Assigned task
Check each line of the data below for the word "subseteq", then extract the ones that have it.

Task material
lemma eps_id: "u \<in> tangent_space A p \<Longrightarrow> eps p p u = u"
  using S unfolding splitting_def by blast

lemma eps_zero: "eps p q (\<lambda>c. 0) = (\<lambda>c. 0)"
  using eps_lcomb[OF tangent_space_zero[OF A] tangent_space_zero[OF A], of p q 0 0]
  by (simp add: lcomb_def)

lemma split_coord_at:
  "c \<in> A \<Longrightarrow> p \<in> fst c \<Longrightarrow>
     split_coord A eps c c' (snd c p, y) w = eps p (inv_into (fst c') (snd c') y) (tv A c p w) c'"
  unfolding split_coord_def Let_def using chart_inverse[OF A] by simp

lemma split_coord_linear:
  assumes c: "c \<in> A" "p \<in> fst c"
  shows "linear (\<lambda>w. split_coord A eps c c' (snd c p, y) w)"
proof -
  let ?q = "inv_into (fst c') (snd c') y"
  have lin: "split_coord A eps c c' (snd c p, y) (a *\<^sub>R u + b *\<^sub>R w)
           = a *\<^sub>R split_coord A eps c c' (snd c p, y) u + b *\<^sub>R split_coord A eps c c' (snd c p, y) w"
    for a b u w
    unfolding split_coord_at[OF c] tv_linear[OF A c]
      eps_lcomb[OF tv_in_tangent_space[OF A c] tv_in_tangent_space[OF A c]]
    by (simp add: lcomb_def)
  show ?thesis
    by (rule linearI) (use lin[of 1 _ 1] lin[of _ _ 0] in simp_all)
qed

lemma split_coord_smooth_slice:
  assumes "c \<in> A" "c' \<in> A" "p \<in> fst c"
  shows "smooth_on (snd c' ` fst c') (\<lambda>y. split_coord A eps c c' (snd c p, y) w)"
proof -
  have "smooth_on (snd c ` fst c \<times> snd c' ` fst c') (\<lambda>xy. split_coord A eps c c' xy w)"
    using S assms unfolding splitting_def by blast
  then show ?thesis
    using Ck_slice assms(3) unfolding smooth_on_def by blast
qed
(* Let $0\to V\to (W,I)\xrightarrow{\sigma}(T,j)\to0$ be a short exact sequence of finite-dimensional complex vector spaces (complex-linear maps) with $\dim_\mathbb{C}T=1$, and let $\Omega$ be an alternating real trilinear form on $W$ such that (i) $\Omega(v_1,v_2,v_3)=0$ for all $v_1,v_2,v_3\in V$; (ii) $\Omega(\xi,\cdot,\cdot)|_V$ is non-degenerate for all $\xi\in W$ with $\sigma(\xi)\neq0$; (iii) $\Omega(I\xi,v_1,v_2)=-\Omega(\xi,v_1,Iv_2)$ for all $\xi\in W$, $v_1,v_2\in V$. Then $\dim_\mathbb{R}V=4n$ for some $n$ and there is a real basis $\{e_1,e_2,a_1^k,a_2^k,b_1^k,b_2^k\}_{k=1}^n$ of $W$ such that $T=\mathrm{span}_\mathbb{R}\{\sigma(e_1),\sigma(e_2)\}$, $V=\mathrm{span}_\mathbb{R}\{a_1^k,a_2^k,b_1^k,b_2^k\}_{k=1}^n$, $Ie_1=e_2$, $Ia_1^k=a_2^k$, $Ib_1^k=-b_2^k$, and, with $\{\epsilon_1,\epsilon_2,\alpha_1^k,\alpha_2^k,\beta_1^k,\beta_2^k\}$ the dual basis, $$\Omega=\sum_{k=1}^n\Big((\beta_1^k\wedge\alpha_1^k+\beta_2^k\wedge\alpha_2^k)\wedge\epsilon_2-(\beta_1^k\wedge\alpha_2^k-\beta_2^k\wedge\alpha_1^k)\wedge\epsilon_1\Big)+\nu\wedge\epsilon_1\wedge\epsilon_2$$ for some linear 1-form $\nu$ vanishing on $e_1,e_2$. *)

theory Defs
  imports Complex_Main
begin

text \<open>A complex vector space is modelled as a real vector space together with a
  complex structure, i.e. a real-linear map J with J (J x) = - x (J = multiplication by i).
  Complex-linear maps are real-linear maps intertwining the complex structures.\<close>

definition complex_structure :: "('a::real_vector \<Rightarrow> 'a) \<Rightarrow> bool" where
  "complex_structure J \<longleftrightarrow> linear J \<and> (\<forall>x. J (J x) = - x)"

definition trilinear :: "('a::real_vector \<Rightarrow> 'a \<Rightarrow> 'a \<Rightarrow> real) \<Rightarrow> bool" where
  "trilinear F \<longleftrightarrow>
     (\<forall>y z. linear (\<lambda>x. F x y z)) \<and> (\<forall>x z. linear (\<lambda>y. F x y z)) \<and> (\<forall>x y. linear (\<lambda>z. F x y z))"

definition alternating3 :: "('a \<Rightarrow> 'a \<Rightarrow> 'a \<Rightarrow> real) \<Rightarrow> bool" where
  "alternating3 F \<longleftrightarrow>
     (\<forall>x z. F x x z = 0) \<and> (\<forall>x y. F x y y = 0) \<and> (\<forall>x y. F x y x = 0)"
lemma realisable_configuration: "realisable grigorchuk_group n c"
  unfolding realisable_def
proof (intro exI conjI ballI allI impI)
  show "subgroup (H i) grigorchuk_group" for i
    by (rule subgroup_H)
next
  fix I
  assume I: "I \<subseteq> {1..n} \<and> I \<noteq> {}"
  show "fg_subgroup grigorchuk_group (\<Inter>i\<in>I. H i) \<longleftrightarrow> c I = 0"
  proof (cases "c I = 0")
    case True
    have cut: "\<exists>r<k t. label t r \<notin> I" if t: "t < m" and IJ: "I \<subseteq> J t" for t
    proof -
      have "J t \<noteq> I" using block_J(3)[OF t] True by auto
      then obtain i where i: "i \<in> J t" "i \<notin> I" using IJ by blast
      then obtain r where "r < k t" "label t r = i" using label_onto[OF t] by blast
      then show ?thesis using i(2) by blast
    qed
    interpret cut_configuration n c J m I
      by unfold_locales (use I cut in auto)
    show ?thesis using fg_Inter_H True by simp
  next
    case False
    then have "I \<in> {I. I \<subseteq> {1..n} \<and> I \<noteq> {} \<and> c I \<noteq> 0}"
      using I by simp
    then have "I \<in> J ` {..<m}"
      using bij_betw_imp_surj_on[OF bij_J] by simp
    then obtain t where "t < m" "I = J t" by blast
    then show ?thesis using not_fg_Inter_H_block False by simp
  qed
qed

end

theorem corollary3p3:
  shows "intersection_saturated grigorchuk_group"
  unfolding intersection_saturated_def
proof (intro allI impI)
  fix n :: nat and c :: "nat set \<Rightarrow> nat"
  let ?C = "{I. I \<subseteq> {1..n} \<and> I \<noteq> {} \<and> c I \<noteq> 0}"
  have "finite ?C"
    by (rule finite_subset[of _ "Pow {1..n}"]) auto
  then obtain J where "bij_betw J {0..<card ?C} ?C"
    using ex_bij_betw_nat_finite by blast
  then interpret configuration_blocks n c J "card ?C"
    by unfold_locales (simp add: atLeast0LessThan)
  show "realisable grigorchuk_group n c"
    by (rule realisable_configuration)
qed

end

Exercise solution
  assume I: "I \<subseteq> {1..n} \<and> I \<noteq> {}"
    have cut: "\<exists>r<k t. label t r \<notin> I" if t: "t < m" and IJ: "I \<subseteq> J t" for t
    then have "I \<in> {I. I \<subseteq> {1..n} \<and> I \<noteq> {} \<and> c I \<noteq> 0}"
  let ?C = "{I. I \<subseteq> {1..n} \<and> I \<noteq> {} \<and> c I \<noteq> 0}"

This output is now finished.